Los modelos teóricos son un conjunto de supuestos que intentan explicar, de forma esquemática o idealizada, la estructura o el comportamiento de un sistema. Los modelos analógicos, por otro lado, son aquellos que pretenden proporcionar una explicación de las estructuras de un sistema mediante la comparación con un sistema análogo que resulte mejor conocido y que se supone comparte aspectos relevantes, pero no es representativo del sistema bajo estudio en todos los aspectos.

En lo que respecta a la forma en que se presentan y comunican los modelos, estos pueden ser construidos y mostrados en forma de diagramas conceptuales, esquemas, maquetas u otros constructos.

Del mismo modo, los modelos pueden ser clasificados de acuerdo con la forma que toman como modelos formales (o matemáticos) y modelos semánticos. Los modelos formales se corresponden con ecuaciones matemáticas que describen y simulan el comportamiento de un fenómeno a partir de la identificación de las variables que mejor describen su comportamiento. Podemos decir, por ejemplo, que un conjunto de ecuaciones que describe la producción de café en una zona geográfica es un modelo matemático de ese sistema productivo.

Los modelos semánticos, por su parte, consisten en enunciados que reflejan el comportamiento de un fenómeno o bien en entidades físicas o conceptuales que satisfacen los enunciados o sistemas de ecuaciones que describen un sistema.

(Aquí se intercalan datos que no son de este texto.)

(* Let $d,h\ge1$, $1/2<\alpha\le1$, and let $\mathbf{x}:[0,1]\to\mathbb{R}^h$ satisfy $|\mathbf{x}(t)-\mathbf{x}(s)|\le C_\alpha|t-s|^\alpha$ for some $C_\alpha\in(0,\infty)$. Let $\mathbf{f}=[f_{ij}]:\mathbb{R}^d\to\mathbb{R}^{d\times h}$ with each $f_{ij}\in C^2(\mathbb{R}^d)$ and $\max\{|\mathbf{f}|,|\nabla\mathbf{f}|,|\nabla^2\mathbf{f}|\}<\infty$. Then a solution $\mathbf{y}$ of $\mathbf{y}(t)=\mathbf{y}_0+\int_0^t\mathbf{f}(\mathbf{y}(s))\,d\mathbf{x}(s)$, $t\in[0,1]$ (Young integral), exists, and for all $0\le s<t\le1$, $$|\mathbf{y}(s)-\mathbf{y}(t)|\le G_1^*|s-t|^\alpha,\qquad |\mathbf{y}(t)-\mathbf{y}(s)-\mathbf{f}(\mathbf{y}(s))(\mathbf{x}(t)-\mathbf{x}(s))|\le G_2^*|s-t|^{2\alpha}.$$
   Context: For a vector or matrix, $|\cdot|$ denotes the maximum absolute value of its entries; $|\mathbf{f}|=\max_{ij}\sup|f_{ij}|$, $|\nabla\mathbf{f}|=\max_{ij}\sup|\nabla f_{ij}|$, $|\nabla^2\mathbf{f}|=\max_{ij}\sup|\nabla^2f_{ij}|$. $K(2\alpha)=1+\sum_{n\ge1}n^{-2\alpha}$. $G_1^*=2h\lceil(2dhC_\alpha K(2\alpha)|\nabla\mathbf{f}|)^{1/\alpha}\rceil^{1-\alpha}|\mathbf{f}|C_\alpha$, $G_2^*=dhK(2\alpha)|\nabla\mathbf{f}|C_\alpha G_1^*$. The Young integral is the limit of Riemann sums $\sum v(t_i)(u(t_{i+1})-u(t_i))$ as the partition mesh tends to $0$. *)

theory Defs
  imports "HOL-Analysis.Analysis"
begin

definition maxabs :: "real ^ 'n \<Rightarrow> real" where
  "maxabs v = Max (range (\<lambda>i. \<bar>v $ i\<bar>))"

definition fine_partition :: "real \<Rightarrow> real \<Rightarrow> real \<Rightarrow> nat \<Rightarrow> (nat \<Rightarrow> real) \<Rightarrow> bool" where
  "fine_partition a b \<delta> n p \<longleftrightarrow> p 0 = a \<and> p n = b \<and>
     (\<forall>i<n. p i < p (Suc i) \<and> p (Suc i) - p i < \<delta>)"

definition has_young_integral ::
  "(real \<Rightarrow> real ^ 'h ^ 'd) \<Rightarrow> (real \<Rightarrow> real ^ 'h) \<Rightarrow> real \<Rightarrow> real \<Rightarrow> real ^ 'd \<Rightarrow> bool" where
  "has_young_integral v u a b I \<longleftrightarrow>
     (\<forall>\<epsilon>>0. \<exists>\<delta>>0. \<forall>n p. fine_partition a b \<delta> n p \<longrightarrow>
        maxabs ((\<Sum>i<n. v (p i) *v (u (p (Suc i)) - u (p i))) - I) < \<epsilon>)"

definition Kconst :: "real \<Rightarrow> real" where
  "Kconst \<beta> = 1 + (\<Sum>n. 1 / (real (Suc n)) powr \<beta>)"

end

theory Submission
  imports Defs "HOL-Library.Diagonal_Subsequence"
begin

text \<open>The solution is obtained as a limit of Euler schemes \<open>y\<^sub>k\<^sub>+\<^sub>1 = y\<^sub>k + f(y\<^sub>k)(x(t\<^sub>k\<^sub>+\<^sub>1) - x(t\<^sub>k))\<close>
  on grids of mesh \<open>1/(N 2\<^sup>n)\<close>. The key tool is the discrete Young--Loeve inequality: removing
  a grid point whose neighbours are close changes a Riemann sum by a product of two increments,
  so the Riemann sum differs from its first term by at most \<open>K(2\<alpha>)\<close> times the product of the
  Hoelder constants times \<open>|t - s|\<^sup>2\<^sup>\<alpha>\<close>. Applied to a scheme with its own best Hoelder constant
  \<open>A\<^sub>n\<close> on intervals of length \<open>1/N\<close>, this gives \<open>A\<^sub>n \<le> h|f|C\<^sub>\<alpha> + A\<^sub>n/2\<close> by the choice of \<open>N\<close>, hence bounds
  uniform in \<open>n\<close>. By compactness a subsequence converges on all grid points and, by
  equicontinuity, everywhere. The local bounds pass to the limit, extend to \<open>[0,1]\<close> by
  subdivision, and since \<open>2\<alpha> > 1\<close> the remainder bound makes the Riemann sums converge to
  \<open>y(t) - y\<^sub>0\<close>.\<close>

section \<open>The maximum norm\<close>

lemma abs_component_le_maxabs: "\<bar>v $ i\<bar> \<le> maxabs (v :: real ^ 'n)"
  unfolding maxabs_def by (rule Max_ge) auto

lemma maxabs_leI: "(\<And>i. \<bar>(v :: real ^ 'n) $ i\<bar> \<le> c) \<Longrightarrow> maxabs v \<le> c"
  unfolding maxabs_def by (subst Max_le_iff) auto

lemma maxabs_nonneg: "0 \<le> maxabs (v :: real ^ 'n)"
  using abs_component_le_maxabs[of v undefined] by linarith

lemma maxabs_zero [simp]: "maxabs (0 :: real ^ 'n) = 0"
  using maxabs_nonneg[of "0 :: real ^ 'n"] maxabs_leI[of "0 :: real ^ 'n" 0] by simp

lemma maxabs_uminus [simp]: "maxabs (- (v :: real ^ 'n)) = maxabs v"
  unfolding maxabs_def by simp

lemma maxabs_minus_commute: "maxabs ((u :: real ^ 'n) - v) = maxabs (v - u)"
  unfolding maxabs_def by (simp add: abs_minus_commute)

lemma maxabs_add_le: "maxabs ((u :: real ^ 'n) + v) \<le> maxabs u + maxabs v"
  by (rule maxabs_leI) (smt (verit) abs_component_le_maxabs vector_add_component)

lemma maxabs_sum_le: "maxabs (\<Sum>k\<in>S. (u k :: real ^ 'n)) \<le> (\<Sum>k\<in>S. maxabs (u k))"
proof (rule maxabs_leI)
  fix i
  have "\<bar>(\<Sum>k\<in>S. u k) $ i\<bar> = \<bar>\<Sum>k\<in>S. u k $ i\<bar>" by (simp add: sum_component)
  also have "\<dots> \<le> (\<Sum>k\<in>S. \<bar>u k $ i\<bar>)" by (rule sum_abs)
  also have "\<dots> \<le> (\<Sum>k\<in>S. maxabs (u k))" by (rule sum_mono) (rule abs_component_le_maxabs)
  finally show "\<bar>(\<Sum>k\<in>S. u k) $ i\<bar> \<le> (\<Sum>k\<in>S. maxabs (u k))" .
qed

lemma maxabs_matrix_vector_mult_le:
  fixes A :: "real ^ 'h ^ 'd"
  assumes "\<And>i j. \<bar>A $ i $ j\<bar> \<le> c"
  shows "maxabs (A *v v) \<le> real CARD('h) * c * maxabs v"
proof (rule maxabs_leI)
  fix i
  have "\<bar>(A *v v) $ i\<bar> = \<bar>\<Sum>j\<in>UNIV. A $ i $ j * v $ j\<bar>"
    by (simp add: matrix_vector_mult_def)
  also have "\<dots> \<le> (\<Sum>j\<in>UNIV. \<bar>A $ i $ j\<bar> * \<bar>v $ j\<bar>)"
    by (rule order_trans[OF sum_abs]) (simp add: abs_mult)
  also have "\<dots> \<le> (\<Sum>j\<in>(UNIV::'h set). c * maxabs v)"
    by (rule sum_mono) (intro mult_mono assms abs_component_le_maxabs;
        simp add: maxabs_nonneg order_trans[OF abs_ge_zero assms])
  also have "\<dots> = real CARD('h) * c * maxabs v" by simp
  finally show "\<bar>(A *v v) $ i\<bar> \<le> real CARD('h) * c * maxabs v" .
qed

lemma maxabs_le_norm: "maxabs (v :: real ^ 'n) \<le> norm v"
  by (rule maxabs_leI) (rule component_le_norm_cart)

En por ello que un modelo semántico se puede corresponder con un modelo a escala, un conjunto de enunciados, un diagrama y hasta una ecuación matemática siempre que satisfagan un sistema previamente descrito. De lo anterior se deduce la existencia de modelos teóricos–formales, teóricos-semánticos; modelos analógicos–formales y analógicos semánticos. Estos temas podremos tratarlos a profundidad más adelante.

De manera general y a modo de conclusión, cabe recalcar que, sin importar la clasificación a que estemos aludiendo, los modelos constituyen una representación simplificada de la realidad, útil para entender y/o explicar la realidad, desarrollar una teoría, predecir sucesos, establecer un modo de proceder o simplemente para fines didácticos.